Juiced: Wild Times, Rampant 'Roids, Smash Hits & How Baseball Got Big is a 2005 book by Jose Canseco and his personal account of steroid usage in Major League Baseball. The book is autobiographical, and it focuses on Canseco's days as a major leaguer, his marriages, his daughter, and off-field incidents including his barroom brawl in 2001. The book deals primarily with anabolic steroids, drawing upon the personal experiences of Canseco. He takes personal credit for introducing steroids to baseball and names former teammates Mark McGwire, Juan González, Rafael Palmeiro, Iván Rodríguez, and Jason Giambi as fellow steroid users. He also believes he was blackballed by baseball when Bud Selig decided that the league needed to be cleaned up.

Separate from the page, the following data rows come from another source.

lemma asymp_eq_if_window_approx:
  fixes f k :: "real \<Rightarrow> real" and \<sigma> \<tau> :: "real measure"
  assumes f: "window_approx f \<tau>" and k: "window_approx k \<sigma>"
    and llt: "locally_long_tailed \<sigma>" and \<alpha>: "\<alpha> > 0"
    and ratio: "\<forall>c>0. asymp_eq (\<lambda>x. measure \<tau> {x<..x + c}) (\<lambda>x. \<alpha> * measure \<sigma> {x<..x + c})"
  shows "asymp_eq f (\<lambda>x. \<alpha> * k x)"
proof (rule asymp_eq_if_rel_close, intro allI impI)
  fix \<epsilon> :: real assume \<epsilon>: "\<epsilon> > 0"
  define e where "e = min 1 (\<epsilon> / 3)"
  have e: "e > 0" "e \<le> 1" "3 * e \<le> \<epsilon>" using \<epsilon> unfolding e_def by auto
  obtain h1 where h1: "h1 > 0" "\<forall>h. 0 < h \<and> h \<le> h1 \<longrightarrow>
      (\<forall>\<^sub>F x in at_top. \<bar>h * f x - measure \<tau> {x<..x + h}\<bar> \<le> e * measure \<tau> {x<..x + h})"
    using f e(1) unfolding window_approx_def by blast
  obtain h2 where h2: "h2 > 0" "\<forall>h. 0 < h \<and> h \<le> h2 \<longrightarrow>
      (\<forall>\<^sub>F x in at_top. \<bar>h * k x - measure \<sigma> {x<..x + h}\<bar> \<le> e * measure \<sigma> {x<..x + h})"
    using k e(1) unfolding window_approx_def by blast
  define h where "h = min h1 h2"
  have h: "h > 0" using h1 h2 unfolding h_def by simp
  define m where "m x = measure \<sigma> {x<..x + h}" for x
  define m' where "m' x = measure \<tau> {x<..x + h}" for x
  have "\<forall>\<^sub>F x in at_top. 0 < m x"
    using llt h unfolding locally_long_tailed_def m_def by blast
  then have pos: "\<forall>\<^sub>F x in at_top. 0 < \<alpha> * m x"
    by (rule eventually_mono) (simp add: \<alpha>)
  have "asymp_eq m' (\<lambda>x. \<alpha> * m x)"
    using ratio h unfolding m_def m'_def by blast
  then have ratio_close: "\<forall>\<^sub>F x in at_top. \<bar>m' x - \<alpha> * m x\<bar> \<le> e * (\<alpha> * m x)"
    by (rule asymp_eq_eventually_rel_close[OF _ pos e(1)])
  have f_close: "\<forall>\<^sub>F x in at_top. \<bar>h * f x - m' x\<bar> \<le> e * m' x"
    using h1(2) h unfolding h_def m'_def by auto
  have k_close: "\<forall>\<^sub>F x in at_top. \<bar>h * k x - m x\<bar> \<le> e * m x"
    using h2(2) h unfolding h_def m_def by auto
  show "\<exists>P. \<forall>\<^sub>F x in at_top. 0 < P x \<and> \<bar>f x - P x\<bar> \<le> \<epsilon> * P x \<and> \<bar>\<alpha> * k x - P x\<bar> \<le> \<epsilon> * P x"
  proof (intro exI[of _ "\<lambda>x. \<alpha> * m x / h"])
    from pos ratio_close f_close k_close
    show "\<forall>\<^sub>F x in at_top. 0 < \<alpha> * m x / h \<and> \<bar>f x - \<alpha> * m x / h\<bar> \<le> \<epsilon> * (\<alpha> * m x / h)
        \<and> \<bar>\<alpha> * k x - \<alpha> * m x / h\<bar> \<le> \<epsilon> * (\<alpha> * m x / h)"
    proof eventually_elim
      case (elim x)
      have "h * (\<alpha> * k x) - \<alpha> * m x = \<alpha> * (h * k x - m x)" by (simp add: algebra_simps)
      then have "\<bar>h * (\<alpha> * k x) - \<alpha> * m x\<bar> = \<alpha> * \<bar>h * k x - m x\<bar>" using \<alpha> by (simp add: abs_mult)
      also have "\<dots> \<le> e * (\<alpha> * m x)" using elim(4) \<alpha> by (simp add: mult_left_mono)
      finally have "\<bar>h * (\<alpha> * k x) - \<alpha> * m x\<bar> \<le> e * (\<alpha> * m x)" .
      then have "\<bar>\<alpha> * k x - \<alpha> * m x / h\<bar> \<le> \<epsilon> * (\<alpha> * m x / h)"
        using elim(1) e by (intro rel_close_of_window_bounds[OF h elim(1)]) auto
      moreover have "\<bar>f x - \<alpha> * m x / h\<bar> \<le> \<epsilon> * (\<alpha> * m x / h)"
        using e by (intro rel_close_of_window_bounds[OF h elim(1) _ _ _ elim(2,3)]) auto
      ultimately show ?case using elim(1) h by simp
    qed
  qed
qed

One of Juiceds central precepts is that steroid use is not in and of itself a bad thing, as long as the person is being monitored by a physician and the dosages are small. Canseco believes that steroids can not only improve the game of baseball but also improve and lengthen lives and that more research needs to be done on the topic. Canseco claims to discredit many of the myths regarding steroids, asserting that they do not break down a person's body if used correctly and can actually help a person recover quickly from injuries. During the A&E Network's one-hour documentary, Jose Canseco: The Last Shot, Canseco said he "regrets mentioning players [as steroid users]. I never realized this was going to blow up and hurt so many people."

==Other topics in Juiced==
- Canseco discusses his relationship with Madonna, claiming that she was infatuated with him and that he was never really interested in her.
- Canseco details his opinions on different managers, including Tony La Russa, Joe Torre, and Dusty Baker.
- Canseco claims that, when he failed his drug test in 2003, it was a setup by Major League Baseball. MLB wanted him discredited because he was "the godfather of steroids" and could be damaging to the game.
- Canseco claims that, when he was arrested for domestic violence for fighting with his first wife, the two were arguing while driving on the highway, and that he accidentally hit her car.
- Canseco discusses his life on the road relating to women.
- Although Canseco accused Roger Clemens of steroid use, he extolls Clemens' apparent marital fidelity, saying that Clemens was "one of the very few baseball players I know who never cheated on his wife." However, reports of an alleged Clemens affair with country singer Mindy McCready surfaced in 2008, followed by allegations of four other extramarital affairs.
- Canseco says that he met his second wife at a Hooters in Cleveland, Ohio.
- Canseco claims to have once run a 3.9 second 40-yard dash, which would be the fastest time ever recorded.